Unutulmamalıdır ki liderlerimizin ve seçkin yabancı konuklarımızın güvenli bir şekilde güvenliği ancak özel güvenlik teşkilatlarının ve asayişin tüm güçlerinin tek yumrukta toplanması ve merkezi olarak tek bir yönetim organından kontrol edilmesiyle mümkündür. Kuşkusuz, tüm bunlarla birlikte, liderlerin güvenliğini sağlamanın ana karakteri, başarısı güvenlik önlemleri sırasında güçlerin uyumuna, çalışanların eğitim derecesine ve herhangi bir raporlama durumunda operasyonel durumun hızlı bir şekilde değerlendirilmesine bağlı olan korumalardır. .

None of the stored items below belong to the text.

definition valid_code :: "nat \<Rightarrow> nat \<Rightarrow> (nat \<Rightarrow> nat \<Rightarrow> nat) \<Rightarrow> bool" where
  "valid_code n b sigma \<longleftrightarrow>
     (\<forall>i\<in>{1..n}. \<forall>l\<in>{1..numL b n}. sigma i l < b) \<and>
     (\<forall>i\<in>{1..n}. \<forall>j\<in>{1..n}. (\<forall>l\<in>{1..numL b n}. sigma i l = sigma j l) \<longrightarrow> i = j)"

definition Sdig :: "nat \<Rightarrow> (nat \<Rightarrow> nat \<Rightarrow> nat) \<Rightarrow> nat \<Rightarrow> nat \<Rightarrow> nat set" where
  "Sdig n sigma l d = {i \<in> {1..n}. sigma i l \<noteq> d}"

definition design :: "nat \<Rightarrow> nat \<Rightarrow> (nat \<Rightarrow> nat \<Rightarrow> nat) \<Rightarrow> nat set set" where
  "design n b sigma = {Sdig n sigma l d | l d. l \<in> {1..numL b n} \<and> d < b}"

definition nest_of :: "nat set set \<Rightarrow> nat \<Rightarrow> nat set" where
  "nest_of Ns i = (THE N. N \<in> Ns \<and> i \<in> N)"

definition nest_val :: "(nat \<Rightarrow> real) \<Rightarrow> (nat set \<Rightarrow> real) \<Rightarrow> (nat set \<Rightarrow> real)
     \<Rightarrow> nat set \<Rightarrow> nat set \<Rightarrow> real" where
  "nest_val v lam vN N S =
     (if lam N = 0 then (if N \<inter> S \<noteq> {} then vN N else 0)
      else (\<Sum>j\<in>N \<inter> S. v j) powr lam N)"

definition phi :: "nat set set \<Rightarrow> (nat \<Rightarrow> real) \<Rightarrow> (nat set \<Rightarrow> real) \<Rightarrow> (nat set \<Rightarrow> real)
     \<Rightarrow> nat \<Rightarrow> nat set \<Rightarrow> real" where
  "phi Ns v lam vN i S =
     nest_val v lam vN (nest_of Ns i) S / (\<Sum>N\<in>Ns. nest_val v lam vN N S)
     * (v i / (\<Sum>j\<in>nest_of Ns i \<inter> S. v j))"

definition BF :: "nat \<Rightarrow> nat set set \<Rightarrow> (nat \<Rightarrow> real) \<Rightarrow> (nat set \<Rightarrow> real) \<Rightarrow> (nat set \<Rightarrow> real)
     \<Rightarrow> nat \<Rightarrow> nat set \<Rightarrow> real" where
  "BF n Ns v lam vN i S = phi Ns v lam vN i S / phi Ns v lam vN i {1..n}"

definition Mult :: "(nat \<Rightarrow> real) \<Rightarrow> (nat set \<Rightarrow> real) \<Rightarrow> nat set \<Rightarrow> nat set \<Rightarrow> real" where
  "Mult v lam N S = ((\<Sum>j\<in>N. v j) / (\<Sum>j\<in>N \<inter> S. v j)) powr (1 - lam N)"

text \<open>Matrix entries: None = null, Some True = 1, Some False = 0.\<close>
type_synonym emat = "nat \<Rightarrow> nat \<Rightarrow> bool option"

definition minBF :: "(nat \<Rightarrow> nat set \<Rightarrow> real) \<Rightarrow> nat set \<Rightarrow> nat set" where
  "minBF bf S = {k \<in> S. bf k S = Min ((\<lambda>k. bf k S) ` S)}"

definition step1_one :: "(nat \<Rightarrow> nat set \<Rightarrow> real) \<Rightarrow> nat set \<Rightarrow> emat \<Rightarrow> emat" where
  "step1_one bf S E = (\<lambda>a c.
     if a \<in> S \<and> c \<in> S \<and> a \<noteq> c then
       (if bf a S \<noteq> bf c S then Some False
        else if bf a S > Min ((\<lambda>k. bf k S) ` S) then Some True
        else E a c)
     else E a c)"

definition step2_one :: "nat \<Rightarrow> (nat \<Rightarrow> nat set \<Rightarrow> real) \<Rightarrow> nat set \<Rightarrow> emat \<Rightarrow> emat" where
  "step2_one n bf S E =
     (let M = minBF bf S in
      if \<exists>i\<in>M. \<exists>j\<in>M. i \<noteq> j \<and> E i j = Some False then
        (\<lambda>a c. if (a \<in> M \<and> c \<in> {1..n} - S) \<or> (c \<in> M \<and> a \<in> {1..n} - S) then Some False
               else E a c)
      else
        (\<lambda>a c. if a \<in> M \<and> c \<in> M \<and> a \<noteq> c then Some True else E a c))"

definition step3 :: "nat \<Rightarrow> emat \<Rightarrow> emat" where
  "step3 n E = (\<lambda>a c.
     if a \<in> {1..n} \<and> c \<in> {1..n} \<and> a \<noteq> c \<and> E a c = None \<and>
        (\<exists>k\<in>{1..n}. k \<noteq> a \<and> k \<noteq> c \<and> E a k = Some True \<and> E c k = Some True)
     then Some True else E a c)"

definition step4 :: "nat \<Rightarrow> emat \<Rightarrow> emat" where
  "step4 n E = (\<lambda>a c.
     if a \<in> {1..n} \<and> c \<in> {1..n} \<and> a \<noteq> c \<and> E a c = None \<and>
        (\<forall>k\<in>{1..n}. k \<noteq> a \<and> k \<noteq> c \<longrightarrow> E a k \<noteq> Some True \<and> E c k \<noteq> Some True)
     then Some True else E a c)"

definition step5 :: "nat \<Rightarrow> emat \<Rightarrow> emat" where
  "step5 n E = (\<lambda>a c.
     if a \<in> {1..n} \<and> c \<in> {1..n} \<and> a \<noteq> c \<and> E a c = None then Some False else E a c)"

text \<open>Algorithm 2: ord1 / ord2 are the orders in which the assortments of the design
  are processed in steps (1) and (2) (lists enumerating the design).\<close>
definition algorithm2 :: "nat \<Rightarrow> (nat \<Rightarrow> nat set \<Rightarrow> real) \<Rightarrow> nat set list \<Rightarrow> nat set list \<Rightarrow> emat" where
  "algorithm2 n bf ord1 ord2 =
     (let E1 = fold (step1_one bf) ord1 (\<lambda>_ _. None);
          E2 = fold (step2_one n bf) ord2 E1
      in step5 n (step4 n (step3 n E2)))"

end

(*
  On an assortment S the boost factor of item i factors as BF(i, S) = c(S) * Mult(N(i), S) with
  c(S) > 0 independent of i; Mult(N, S) = 1 if the nest N lies inside S, and Mult(N, S) > 1 if S
  cuts N (Assumption 1), different cut nests having different multipliers (Assumption 2).  Hence
  on every S boost factors are constant on nests, minimal on the nests contained in S, and a nest
  cut by S is told apart from every other nest.  These three facts alone make every entry that
  Algorithm 2 writes correct, up to 1-entries between two singleton nests.

  Completeness comes from the design: for x \<noteq> y, a digit at which x and y differ yields an
  assortment that contains one of x, y but not the other, and also contains any prescribed third
  item z.  With this, step (1) separates every non-singleton nest from every outside
  item by some 0-entry (which keeps step (2) sound), steps (1)-(3) join all pairs inside nests of
  size at least 3, and steps (4)-(5) settle the two-element nests and the remaining pairs.
*)

theory Submission
  imports Defs
begin

lemma fold_establishes:
  assumes "x \<in> set xs"
    and pres_P: "\<And>y E. y \<in> set xs \<Longrightarrow> P E \<Longrightarrow> P (f y E)"
    and pres_Q: "\<And>y E. y \<in> set xs \<Longrightarrow> P E \<Longrightarrow> Q E \<Longrightarrow> Q (f y E)"
    and est_Q: "\<And>E. P E \<Longrightarrow> Q (f x E)"
    and "P E0"
  shows "Q (fold f xs E0)"
proof -
  obtain ys zs where xs: "xs = ys @ x # zs"
    using split_list[OF assms(1)] by blast
  define E where "E = f x (fold f ys E0)"
  have "P (fold f ys E0)"
    by (rule fold_invariant[where Q = "\<lambda>y. y \<in> set xs"]) (use xs pres_P \<open>P E0\<close> in auto)
  then have "P E \<and> Q E"
    unfolding E_def using pres_P est_Q \<open>x \<in> set xs\<close> by blast
  then have "P (fold f zs E) \<and> Q (fold f zs E)"
    by (intro fold_invariant[where Q = "\<lambda>y. y \<in> set xs" and P = "\<lambda>E. P E \<and> Q E"])
      (use xs pres_P pres_Q in auto)
  then show ?thesis
    using xs unfolding E_def by simp
qed

lemma nest_of_eq:
  assumes "partition_on A P" "N \<in> P" "x \<in> N"
  shows "nest_of P x = N"
  unfolding nest_of_def
proof (rule the_equality)
  show "N' = N" if "N' \<in> P \<and> x \<in> N'" for N'
    using that assms partition_onD2 by (metis disjointD disjoint_iff)
qed (use assms in simp)

lemma nest_of_mem:
  assumes "partition_on A P" "x \<in> A"
  shows "nest_of P x \<in> P" "x \<in> nest_of P x"
proof -
  obtain N where "N \<in> P" "x \<in> N"
    using assms partition_onD1 by blast
  then show "nest_of P x \<in> P" "x \<in> nest_of P x"
    using nest_of_eq[OF assms(1)] by simp_all
qed

section \<open>Separating designs\<close>

definition separating_design :: "nat set \<Rightarrow> nat set set \<Rightarrow> bool" where
  "separating_design A D \<longleftrightarrow>
     (\<forall>x\<in>A. \<forall>y\<in>A. \<forall>z\<in>A. x \<noteq> y \<longrightarrow>
        (\<exists>S\<in>D. x \<in> S \<and> z \<in> S \<and> y \<notin> S) \<or> (\<exists>S\<in>D. y \<in> S \<and> z \<in> S \<and> x \<notin> S))"

lemma design_subset: "S \<in> design n b sigma \<Longrightarrow> S \<subseteq> {1..n}"
  unfolding design_def Sdig_def by auto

Bu bakımdan, Sovyet güvenlik servisi, ülke liderlerinin güvenliğini ve korunmasını sağlama yöntemleri ve biçimleri temelde aynı olmasına rağmen, diğer benzer hizmetlerden belirgin şekilde farklıdır. Bu nedenle muharebe koşullarında çeşitli servislerin güvenlik görevlileri birbirlerini sözsüz anlar ve işlerini yaparlar. Bu aynı zamanda, aralarında esas olarak karşılıklı ilkelere dayanan köklü ilişkiler ve biri bugün başarılı olursa yarın bir iade-i ziyaret sırasında diğerinin de aynısını yapacağı anlayışıyla kolaylaştırılır. Ve çalışanlarla iyi ilişkiler kurmak ve sürdürmek için böyle bir iklim yaratmayı başardığımızı söylemeliyim: ABD Gizli Servisi - J.W. Simpson'ın başkanı, FRG'nin güvenlik servisi, başkanlığını Beden, Fransa - Montaras, Finlandiya - Tiittennen, Polonya - O. I. Darzhinkevich, Macaristan - F. Shebeshtien, Bulgaristan - I. S. Kashev ve Milushev, GDR - G. Wolf, DPRK Ana Güvenlik Müdürlüğü ve diğerleri liderliğinde.

Güvenlik servislerinin her birinin, yapılarının belirli bir kimliği olmasına rağmen, kendine özgü özellikleri vardır. Bu bağlamda, DPRK güvenlik görevlileri en yüksek disiplin derecesine örnek olarak gösterilebilir. Onların çalışmalarını yakından tanıma fırsatım oldu ve Delhi'deyken, Hindistan gazetelerinde gardiyanları tarafından Yoldaş Kim Il Sung'a yönelik suikast girişimini okuduğumda buna inanmadım ve hemen bunun provokatif olduğunu ilan ettim. kavga eden arkadaşlarıma saldırı..

DPRK Ana Güvenlik Müdürlüğü bir bakanlık işlevi görüyor (daha önce doğrudan Kim Il Sung'a ve daha sonra oğlu Kim Jong Il'e bağlıydı). Bu, ayırt edici özelliği ve güvenilirliğidir, ancak diğer durumlarda ikincisi esas olarak güvenlik servisini kimin yönettiğine bağlıdır.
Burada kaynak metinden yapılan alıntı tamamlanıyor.